*Problem requirements*: Print each line from the start of the records below up through the line where "For such sequences" is found, exactly as given.

- - - - - - -

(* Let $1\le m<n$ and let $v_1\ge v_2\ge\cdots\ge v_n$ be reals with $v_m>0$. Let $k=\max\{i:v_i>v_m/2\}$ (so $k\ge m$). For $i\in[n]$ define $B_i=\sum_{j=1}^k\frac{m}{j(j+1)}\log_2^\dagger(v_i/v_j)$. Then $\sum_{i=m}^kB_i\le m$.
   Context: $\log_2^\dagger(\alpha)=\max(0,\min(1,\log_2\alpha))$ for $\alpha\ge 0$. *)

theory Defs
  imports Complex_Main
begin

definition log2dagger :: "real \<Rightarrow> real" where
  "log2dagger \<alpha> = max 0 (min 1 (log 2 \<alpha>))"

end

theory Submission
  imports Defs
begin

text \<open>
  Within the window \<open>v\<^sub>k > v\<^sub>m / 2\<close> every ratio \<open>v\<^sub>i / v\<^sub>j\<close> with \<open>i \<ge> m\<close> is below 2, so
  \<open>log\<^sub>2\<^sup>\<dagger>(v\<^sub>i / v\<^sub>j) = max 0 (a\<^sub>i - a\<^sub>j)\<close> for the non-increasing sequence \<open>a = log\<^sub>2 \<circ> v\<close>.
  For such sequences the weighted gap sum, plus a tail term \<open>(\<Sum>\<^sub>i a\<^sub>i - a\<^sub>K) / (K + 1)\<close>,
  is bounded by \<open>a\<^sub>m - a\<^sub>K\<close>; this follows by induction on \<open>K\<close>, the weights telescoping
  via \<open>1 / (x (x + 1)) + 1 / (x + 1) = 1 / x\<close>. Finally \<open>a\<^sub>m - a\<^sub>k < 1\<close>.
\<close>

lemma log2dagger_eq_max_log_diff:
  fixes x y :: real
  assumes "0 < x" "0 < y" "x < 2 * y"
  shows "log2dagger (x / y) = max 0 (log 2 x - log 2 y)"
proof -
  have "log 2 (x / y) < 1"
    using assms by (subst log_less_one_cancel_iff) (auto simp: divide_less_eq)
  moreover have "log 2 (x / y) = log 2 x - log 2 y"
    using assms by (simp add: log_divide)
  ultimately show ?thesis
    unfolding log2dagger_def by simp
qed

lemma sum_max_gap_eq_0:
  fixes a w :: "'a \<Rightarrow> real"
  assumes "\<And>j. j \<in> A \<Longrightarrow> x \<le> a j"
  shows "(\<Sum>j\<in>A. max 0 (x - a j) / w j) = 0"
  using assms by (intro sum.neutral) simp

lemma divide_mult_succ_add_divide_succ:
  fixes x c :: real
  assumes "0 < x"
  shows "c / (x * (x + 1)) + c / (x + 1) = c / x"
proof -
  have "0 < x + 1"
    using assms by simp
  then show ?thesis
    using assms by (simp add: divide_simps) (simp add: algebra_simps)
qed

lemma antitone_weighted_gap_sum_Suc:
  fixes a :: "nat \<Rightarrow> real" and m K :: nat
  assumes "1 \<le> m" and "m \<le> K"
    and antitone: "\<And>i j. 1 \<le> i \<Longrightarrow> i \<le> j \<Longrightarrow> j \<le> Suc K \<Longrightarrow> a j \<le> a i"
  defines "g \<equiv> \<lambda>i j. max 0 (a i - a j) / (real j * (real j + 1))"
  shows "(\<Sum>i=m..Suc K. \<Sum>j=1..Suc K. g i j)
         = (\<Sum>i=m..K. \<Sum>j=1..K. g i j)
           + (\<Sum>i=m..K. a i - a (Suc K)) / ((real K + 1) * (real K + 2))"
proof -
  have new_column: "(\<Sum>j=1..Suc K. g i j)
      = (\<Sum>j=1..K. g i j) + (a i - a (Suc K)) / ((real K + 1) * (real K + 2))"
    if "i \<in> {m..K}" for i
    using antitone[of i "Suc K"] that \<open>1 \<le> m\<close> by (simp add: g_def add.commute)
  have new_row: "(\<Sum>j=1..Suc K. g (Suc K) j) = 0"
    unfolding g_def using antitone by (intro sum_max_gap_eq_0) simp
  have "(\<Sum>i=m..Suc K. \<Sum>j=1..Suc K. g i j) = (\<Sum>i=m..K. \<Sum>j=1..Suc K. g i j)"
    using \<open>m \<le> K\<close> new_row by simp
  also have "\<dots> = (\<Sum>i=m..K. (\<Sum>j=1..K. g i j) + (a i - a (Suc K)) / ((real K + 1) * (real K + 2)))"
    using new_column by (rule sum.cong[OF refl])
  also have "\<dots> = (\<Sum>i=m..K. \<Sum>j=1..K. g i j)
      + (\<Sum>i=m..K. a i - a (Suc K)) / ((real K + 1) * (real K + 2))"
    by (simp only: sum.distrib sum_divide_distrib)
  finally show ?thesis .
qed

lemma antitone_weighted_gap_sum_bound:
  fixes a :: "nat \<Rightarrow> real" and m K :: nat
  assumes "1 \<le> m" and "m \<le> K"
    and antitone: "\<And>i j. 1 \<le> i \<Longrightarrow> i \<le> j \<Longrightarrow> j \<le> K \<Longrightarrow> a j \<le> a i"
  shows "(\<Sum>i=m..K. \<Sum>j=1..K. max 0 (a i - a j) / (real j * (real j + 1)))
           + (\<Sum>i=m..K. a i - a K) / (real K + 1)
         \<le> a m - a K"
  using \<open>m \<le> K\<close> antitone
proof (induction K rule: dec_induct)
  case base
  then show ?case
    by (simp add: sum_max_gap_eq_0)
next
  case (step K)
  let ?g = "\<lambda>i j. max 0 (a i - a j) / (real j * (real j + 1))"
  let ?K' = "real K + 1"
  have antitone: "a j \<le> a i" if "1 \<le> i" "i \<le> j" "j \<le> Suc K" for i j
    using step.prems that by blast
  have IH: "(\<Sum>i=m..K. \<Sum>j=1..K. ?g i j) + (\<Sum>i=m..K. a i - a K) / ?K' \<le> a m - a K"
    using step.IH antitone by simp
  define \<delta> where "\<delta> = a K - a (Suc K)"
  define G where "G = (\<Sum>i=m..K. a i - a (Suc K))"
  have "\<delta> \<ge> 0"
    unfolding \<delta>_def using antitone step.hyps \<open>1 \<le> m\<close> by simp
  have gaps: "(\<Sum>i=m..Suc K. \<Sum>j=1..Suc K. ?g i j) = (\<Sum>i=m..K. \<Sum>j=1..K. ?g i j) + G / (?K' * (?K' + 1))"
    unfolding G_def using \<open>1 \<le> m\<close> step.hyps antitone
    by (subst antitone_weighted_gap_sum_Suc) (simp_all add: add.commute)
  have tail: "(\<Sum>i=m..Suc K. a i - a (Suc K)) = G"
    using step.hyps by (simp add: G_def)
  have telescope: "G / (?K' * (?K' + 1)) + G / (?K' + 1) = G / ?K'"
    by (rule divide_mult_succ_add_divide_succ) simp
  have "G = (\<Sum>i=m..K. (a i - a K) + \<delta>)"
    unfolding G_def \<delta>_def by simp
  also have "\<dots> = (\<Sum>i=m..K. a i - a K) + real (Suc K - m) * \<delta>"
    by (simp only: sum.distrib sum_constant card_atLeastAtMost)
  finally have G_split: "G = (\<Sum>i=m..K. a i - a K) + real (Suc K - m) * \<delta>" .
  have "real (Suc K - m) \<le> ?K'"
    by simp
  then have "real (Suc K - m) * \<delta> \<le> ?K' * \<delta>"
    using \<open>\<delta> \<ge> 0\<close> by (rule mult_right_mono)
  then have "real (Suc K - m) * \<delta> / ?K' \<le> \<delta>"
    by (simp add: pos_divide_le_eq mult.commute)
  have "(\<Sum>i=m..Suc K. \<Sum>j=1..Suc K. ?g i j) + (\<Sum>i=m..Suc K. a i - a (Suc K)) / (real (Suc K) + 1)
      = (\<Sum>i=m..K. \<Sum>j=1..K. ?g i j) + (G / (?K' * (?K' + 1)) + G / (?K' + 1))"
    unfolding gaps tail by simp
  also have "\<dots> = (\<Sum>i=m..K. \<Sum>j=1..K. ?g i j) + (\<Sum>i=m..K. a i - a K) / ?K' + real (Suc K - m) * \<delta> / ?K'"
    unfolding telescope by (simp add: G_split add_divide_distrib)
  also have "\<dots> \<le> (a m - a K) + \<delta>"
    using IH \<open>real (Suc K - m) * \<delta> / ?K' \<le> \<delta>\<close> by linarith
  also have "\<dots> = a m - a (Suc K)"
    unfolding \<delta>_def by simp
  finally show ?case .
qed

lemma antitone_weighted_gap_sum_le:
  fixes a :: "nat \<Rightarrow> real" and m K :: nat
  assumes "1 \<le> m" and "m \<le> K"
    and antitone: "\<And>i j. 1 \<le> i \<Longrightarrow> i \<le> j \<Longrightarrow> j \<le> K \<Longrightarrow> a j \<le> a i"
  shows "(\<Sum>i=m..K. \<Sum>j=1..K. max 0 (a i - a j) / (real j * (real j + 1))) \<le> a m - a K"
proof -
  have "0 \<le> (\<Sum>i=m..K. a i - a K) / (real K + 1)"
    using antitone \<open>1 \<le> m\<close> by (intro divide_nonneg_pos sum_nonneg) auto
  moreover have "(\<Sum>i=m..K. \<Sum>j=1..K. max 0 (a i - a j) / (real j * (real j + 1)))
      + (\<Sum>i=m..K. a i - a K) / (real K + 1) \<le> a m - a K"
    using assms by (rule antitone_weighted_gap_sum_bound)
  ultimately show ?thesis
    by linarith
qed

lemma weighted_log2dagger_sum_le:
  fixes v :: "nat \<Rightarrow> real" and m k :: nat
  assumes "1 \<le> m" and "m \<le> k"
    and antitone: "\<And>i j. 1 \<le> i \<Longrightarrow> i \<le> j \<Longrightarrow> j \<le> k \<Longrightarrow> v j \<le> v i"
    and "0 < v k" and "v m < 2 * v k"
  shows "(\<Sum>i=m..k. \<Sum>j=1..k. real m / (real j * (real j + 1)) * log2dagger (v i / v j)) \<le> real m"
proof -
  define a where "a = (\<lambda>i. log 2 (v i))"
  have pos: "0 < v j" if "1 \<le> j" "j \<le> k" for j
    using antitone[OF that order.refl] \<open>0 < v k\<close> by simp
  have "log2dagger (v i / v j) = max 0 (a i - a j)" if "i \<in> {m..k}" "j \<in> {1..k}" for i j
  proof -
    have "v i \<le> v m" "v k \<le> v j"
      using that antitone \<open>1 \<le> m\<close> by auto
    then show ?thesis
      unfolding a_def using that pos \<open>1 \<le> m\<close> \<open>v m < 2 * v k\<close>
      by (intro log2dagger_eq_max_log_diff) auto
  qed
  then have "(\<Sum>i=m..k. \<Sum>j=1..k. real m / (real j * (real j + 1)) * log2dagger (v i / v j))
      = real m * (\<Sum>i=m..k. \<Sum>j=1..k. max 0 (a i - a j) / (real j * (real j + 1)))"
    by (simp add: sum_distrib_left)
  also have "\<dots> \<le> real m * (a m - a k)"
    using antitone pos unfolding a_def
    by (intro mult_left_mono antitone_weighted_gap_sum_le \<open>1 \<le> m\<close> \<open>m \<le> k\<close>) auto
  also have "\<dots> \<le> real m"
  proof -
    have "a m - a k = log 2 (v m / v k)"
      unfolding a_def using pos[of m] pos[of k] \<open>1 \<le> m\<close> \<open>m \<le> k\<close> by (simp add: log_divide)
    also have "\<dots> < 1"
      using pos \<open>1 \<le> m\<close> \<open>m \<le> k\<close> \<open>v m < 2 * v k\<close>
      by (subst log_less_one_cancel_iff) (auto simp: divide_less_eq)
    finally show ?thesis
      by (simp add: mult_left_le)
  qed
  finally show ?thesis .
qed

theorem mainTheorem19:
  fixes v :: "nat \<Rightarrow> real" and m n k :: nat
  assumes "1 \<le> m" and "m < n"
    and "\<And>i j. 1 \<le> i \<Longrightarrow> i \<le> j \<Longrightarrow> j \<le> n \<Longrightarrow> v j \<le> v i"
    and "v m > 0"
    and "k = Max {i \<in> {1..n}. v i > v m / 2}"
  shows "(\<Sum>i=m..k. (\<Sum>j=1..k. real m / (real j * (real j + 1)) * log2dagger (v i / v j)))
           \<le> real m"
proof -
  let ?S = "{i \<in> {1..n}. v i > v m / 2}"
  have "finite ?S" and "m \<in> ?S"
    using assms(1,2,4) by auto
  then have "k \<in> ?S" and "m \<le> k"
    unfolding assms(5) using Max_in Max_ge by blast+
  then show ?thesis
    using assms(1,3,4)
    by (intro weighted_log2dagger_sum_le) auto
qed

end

- - - - - - -

*Exercise result*:
(* Let $1\le m<n$ and let $v_1\ge v_2\ge\cdots\ge v_n$ be reals with $v_m>0$. Let $k=\max\{i:v_i>v_m/2\}$ (so $k\ge m$). For $i\in[n]$ define $B_i=\sum_{j=1}^k\frac{m}{j(j+1)}\log_2^\dagger(v_i/v_j)$. Then $\sum_{i=m}^kB_i\le m$.
   Context: $\log_2^\dagger(\alpha)=\max(0,\min(1,\log_2\alpha))$ for $\alpha\ge 0$. *)

theory Defs
  imports Complex_Main
begin

definition log2dagger :: "real \<Rightarrow> real" where
  "log2dagger \<alpha> = max 0 (min 1 (log 2 \<alpha>))"

end

theory Submission
  imports Defs
begin

text \<open>
  Within the window \<open>v\<^sub>k > v\<^sub>m / 2\<close> every ratio \<open>v\<^sub>i / v\<^sub>j\<close> with \<open>i \<ge> m\<close> is below 2, so
  \<open>log\<^sub>2\<^sup>\<dagger>(v\<^sub>i / v\<^sub>j) = max 0 (a\<^sub>i - a\<^sub>j)\<close> for the non-increasing sequence \<open>a = log\<^sub>2 \<circ> v\<close>.
  For such sequences the weighted gap sum, plus a tail term \<open>(\<Sum>\<^sub>i a\<^sub>i - a\<^sub>K) / (K + 1)\<close>,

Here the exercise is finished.